Saciel membuat lingkaran sihir besar di tanah dan perlahan Cerlina muncul tepat di atasnya. Cerlina sedikit kaget dan melihat sekelilingnya.


"Di mana aku?" tanya Cerlina setelah pulih dari kekagetannya.


"Di pulau tak berpenghuni, Lina. Bisa minta tolong? Kau mampu membuka perisai suci di sana?" cerocos Saciel sembari menunjuk anggreknya. Cerlina berpaling dan melihat anggrek itu dengan minat tinggi.


"Hmm, bisa sepertinya. Ini tidak terlalu rumit," jawab Cerlina girang. Ia mengulurkan tongkatnya dan membaca pujian dalam bahasa asing, membuat ujung tongkatnya bersinar terang bersamaan dengan perisai yang membungkus anggrek tersebut. Perlahan sinar itu meredup. "Sudah."

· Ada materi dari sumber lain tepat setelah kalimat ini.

lemma double_domination_number_le_card:
  "double_dominating_set V E D \<Longrightarrow> double_domination_number V E \<le> card D"
  unfolding double_domination_number_def by (rule Least_le) blast

lemma dom210_number_le_weight:
  "dom210_function V E f \<Longrightarrow> dom210_number V E \<le> (\<Sum>v\<in>V. f v)"
  unfolding dom210_number_def by (rule Least_le) blast

lemma domination_number_attained:
  "\<exists>D. dominating_set V E D \<and> card D = domination_number V E"
  unfolding domination_number_def by (rule LeastI_ex) (use dominating_set_vertex_set in blast)

lemma dom210_number_attained:
  "\<exists>f. dom210_function V E f \<and> (\<Sum>v\<in>V. f v) = dom210_number V E"
proof -
  have "dom210_function V E (\<lambda>_. 2)" unfolding dom210_function_def by simp
  show ?thesis
    unfolding dom210_number_def by (rule LeastI_ex) (use \<open>dom210_function V E (\<lambda>_. 2)\<close> in blast)
qed
lemma ind_gain_from_characters:
  fixes H H' :: "'a::{ab_group_add,finite} set" and \<epsilon> :: real
  assumes H: "is_subgroup H" and two: "\<forall>x\<in>H. x + x = 0"
    and H': "is_subgroup H'" "H' \<subseteq> H" and "0 \<le> \<epsilon>"
    and cover: "\<epsilon> * CARD('a) \<le> card (\<Union>C)"
    and chi: "\<forall>c\<in>C. nontrivial_character H (chi c) \<and> H' \<subseteq> {x \<in> H. chi c x = 1}
                  \<and> (\<forall>g\<in>c. \<epsilon> * card H < cmod (fourier_coeff A H g (chi c)))"
  shows "ind A H + \<epsilon> ^ 3 \<le> ind A H'"
proof -
  define U where "U = \<Union>C"
  let ?d = "coset_density A H" and ?d' = "coset_density A H'"
  have local: "card H * (?d g ^ 2 + (if g \<in> U then \<epsilon> ^ 2 else 0)) \<le> (\<Sum>h\<in>H. ?d' (g + h) ^ 2)"
    for g
  proof (cases "g \<in> U")
    case True
    then obtain c where "c \<in> C" "g \<in> c"
      unfolding U_def by blast
    then have "nontrivial_character H (chi c)" "H' \<subseteq> {x \<in> H. chi c x = 1}"
      "\<epsilon> * card H < cmod (fourier_coeff A H g (chi c))"
      using chi by auto
    then show ?thesis
      using sum_coset_density_square_gain[OF H two _ H'(1) _ \<open>0 \<le> \<epsilon>\<close>] True by simp
  next
    case False
    then show ?thesis
      using coset_density_square_le_average[OF H'(1) H H'(2)] by simp
  qed
  have "(\<Sum>g\<in>UNIV. if g \<in> U then \<epsilon> ^ 2 else 0) = \<epsilon> ^ 2 * card U"
    by (simp add: sum.If_cases)
  then have "(\<Sum>g\<in>UNIV. ?d g ^ 2) + \<epsilon> ^ 2 * card U
      = (\<Sum>g\<in>UNIV. ?d g ^ 2 + (if g \<in> U then \<epsilon> ^ 2 else 0))"
    by (simp add: sum.distrib)
  also have "\<dots> \<le> (\<Sum>g\<in>UNIV. (\<Sum>h\<in>H. ?d' (g + h) ^ 2) / card H)"
    using local card_subgroup_pos[OF H] by (intro sum_mono) (simp add: pos_le_divide_eq mult.commute)
  also have "\<dots> = (\<Sum>g\<in>UNIV. ?d' g ^ 2)"
    unfolding sum_divide_distrib[symmetric]
    by (rule sum_UNIV_average_subgroup[OF H, of "\<lambda>g. ?d' g ^ 2", symmetric])
  finally have "(\<Sum>g\<in>UNIV. ?d g ^ 2) + \<epsilon> ^ 3 * CARD('a) \<le> (\<Sum>g\<in>UNIV. ?d' g ^ 2)"
    using mult_left_mono[OF cover, of "\<epsilon> ^ 2"] unfolding U_def
    by (simp add: power3_eq_cube power2_eq_square mult_ac)
  then have "((\<Sum>g\<in>UNIV. ?d g ^ 2) + \<epsilon> ^ 3 * CARD('a)) / CARD('a)
      \<le> (\<Sum>g\<in>UNIV. ?d' g ^ 2) / CARD('a)"
    by (rule divide_right_mono) simp
  then show ?thesis
    unfolding ind_eq_sum_coset_density by (simp add: add_divide_distrib finite_UNIV_card_ge_0)
qed

lemma irregular_coset_character:
  fixes H :: "'a::{ab_group_add,finite} set"
  assumes H: "is_subgroup H" and two: "\<forall>x\<in>H. x + x = 0"
    and c: "c \<in> quotient_set H" "\<forall>g\<in>c. \<not> regular_value \<epsilon> A H g"
  shows "\<exists>chi. nontrivial_character H chi
    \<and> (\<forall>g\<in>c. \<epsilon> * card H < cmod (fourier_coeff A H g chi))"
proof -
  obtain r where r: "c = (\<lambda>h. r + h) ` H"
    using c(1) unfolding quotient_set_def by blast
  then have "\<not> regular_value \<epsilon> A H r"
    using c(2) is_subgroup_zero[OF H] by force
  then obtain chi where chi: "nontrivial_character H chi" "\<epsilon> * card H < cmod (fourier_coeff A H r chi)"
    unfolding regular_value_iff_fourier_coeff by (auto simp: not_le)
  then have "\<epsilon> * card H < cmod (fourier_coeff A H (r + h) chi)" if "h \<in> H" for h
    using norm_fourier_coeff_translate[OF H two _ that] by (simp add: nontrivial_character_def)
  then show ?thesis
    using chi(1) r by blast
qed

lemma irregular_values_eq_Union_cosets:
  assumes H: "is_subgroup H" and two: "\<forall>x\<in>H. x + x = 0"
  shows "{g. \<not> regular_value \<epsilon> A H g}
    = \<Union>{c \<in> quotient_set H. c \<subseteq> {g. \<not> regular_value \<epsilon> A H g}}"
proof
  show "{g. \<not> regular_value \<epsilon> A H g}
      \<subseteq> \<Union>{c \<in> quotient_set H. c \<subseteq> {g. \<not> regular_value \<epsilon> A H g}}"
  proof
    fix g assume "g \<in> {g. \<not> regular_value \<epsilon> A H g}"
    then have "(\<lambda>h. g + h) ` H \<in> {c \<in> quotient_set H. c \<subseteq> {g. \<not> regular_value \<epsilon> A H g}}"
      using regular_value_translate[OF H two] unfolding quotient_set_def by auto
    moreover have "g \<in> (\<lambda>h. g + h) ` H"
      using is_subgroup_zero[OF H] by force
    ultimately show "g \<in> \<Union>{c \<in> quotient_set H. c \<subseteq> {g. \<not> regular_value \<epsilon> A H g}}"
      by blast
  qed
qed auto

lemma card_irregular_cosets_gt:
  fixes H :: "'a::{ab_group_add,finite} set"
  assumes H: "is_subgroup H" and two: "\<forall>x\<in>H. x + x = 0"
    and irregular: "\<not> eps_regular \<epsilon> A H"
  shows "\<epsilon> * card (quotient_set H)
    < card {c \<in> quotient_set H. c \<subseteq> {g. \<not> regular_value \<epsilon> A H g}}"
proof -
  let ?B = "{g. \<not> regular_value \<epsilon> A H g}"
  let ?NC = "{c \<in> quotient_set H. c \<subseteq> ?B}"
  have "card ?B = card (\<Union>?NC)"
    using irregular_values_eq_Union_cosets[OF H two] by (rule arg_cong)
  also have "\<dots> = card H * card ?NC"
    by (rule card_Union_cosets[OF H]) blast
  finally have card_B: "card ?B = card H * card ?NC" .
  have N: "real CARD('a) = card H * card (quotient_set H)"
    using card_quotient_set[OF H] by (metis of_nat_mult)
  have "card H * (\<epsilon> * card (quotient_set H)) < card H * real (card ?NC)"
    using irregular[unfolded eps_regular_def card_B N] by (simp add: mult_ac)
  then show ?thesis
    using card_subgroup_pos[OF H] by simp
qed

lemma obtain_irregular_cosets:
  fixes H :: "'a::{ab_group_add,finite} set"
  assumes H: "is_subgroup H" and two: "\<forall>x\<in>H. x + x = 0" and "0 \<le> \<epsilon>"
    and irregular: "\<not> eps_regular \<epsilon> A H"
  obtains C chi where "C \<subseteq> quotient_set H" "card C = nat \<lceil>\<epsilon> * card (quotient_set H)\<rceil>"
    "\<epsilon> * CARD('a) \<le> card (\<Union>C)"
    "\<forall>c\<in>C. nontrivial_character H (chi c)
       \<and> (\<forall>g\<in>c. \<epsilon> * card H < cmod (fourier_coeff A H g (chi c)))"
proof -
  let ?NC = "{c \<in> quotient_set H. c \<subseteq> {g. \<not> regular_value \<epsilon> A H g}}"
  have "nat \<lceil>\<epsilon> * card (quotient_set H)\<rceil> \<le> card ?NC"
    using less_imp_le[OF card_irregular_cosets_gt[OF H two irregular]]
    by (simp add: nat_le_iff ceiling_le_iff)
  then obtain C where C: "C \<subseteq> ?NC" "card C = nat \<lceil>\<epsilon> * card (quotient_set H)\<rceil>"
    by (rule obtain_subset_with_card_n)
  have "\<epsilon> * CARD('a) = card H * (\<epsilon> * card (quotient_set H))"
    using card_quotient_set[OF H] by (metis mult.left_commute of_nat_mult)
  also have "\<dots> \<le> card H * real (card C)"
    unfolding C(2) by (intro mult_left_mono real_nat_ceiling_ge) simp
  also have "\<dots> = card (\<Union>C)"
    using card_Union_cosets[OF H] C(1) by (simp add: subset_iff)
  finally have cover: "\<epsilon> * CARD('a) \<le> card (\<Union>C)" .
  have "\<forall>c\<in>C. \<exists>chi. nontrivial_character H chi
      \<and> (\<forall>g\<in>c. \<epsilon> * card H < cmod (fourier_coeff A H g chi))"
    using irregular_coset_character[OF H two] C(1) by blast
  then obtain chi where "\<forall>c\<in>C. nontrivial_character H (chi c)
      \<and> (\<forall>g\<in>c. \<epsilon> * card H < cmod (fourier_coeff A H g (chi c)))"
    by metis
  with that C cover show ?thesis
    by blast
qed

lemma card_bit: "CARD(bit) = 2"
proof -
  have "(UNIV :: bit set) = {0, 1}"
    using bit_not_zero_iff by auto
  then show ?thesis
    by (metis card_2_iff zero_neq_one)
qed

"Mudahnya. Permisi," ujar Saciel sembari merapalkan mantra dan mencabut dengan hati-hati anggrek itu dengan sihir. Setelah seluruh akarnya tercerabut dari tubuh beringin itu, ia membawanya mendekat. "Wah, hitamnya benar-benar pekat."


"Benar, seperti onyx. Tak heran namanya sesuai," ujar Cerlina.


"Sekarang kita kembali saja," ujar Nero. Si kembar mengangguk dan menghantam tanah dengan tongkatnya, lalu memindahkan mereka kembali ke Careol.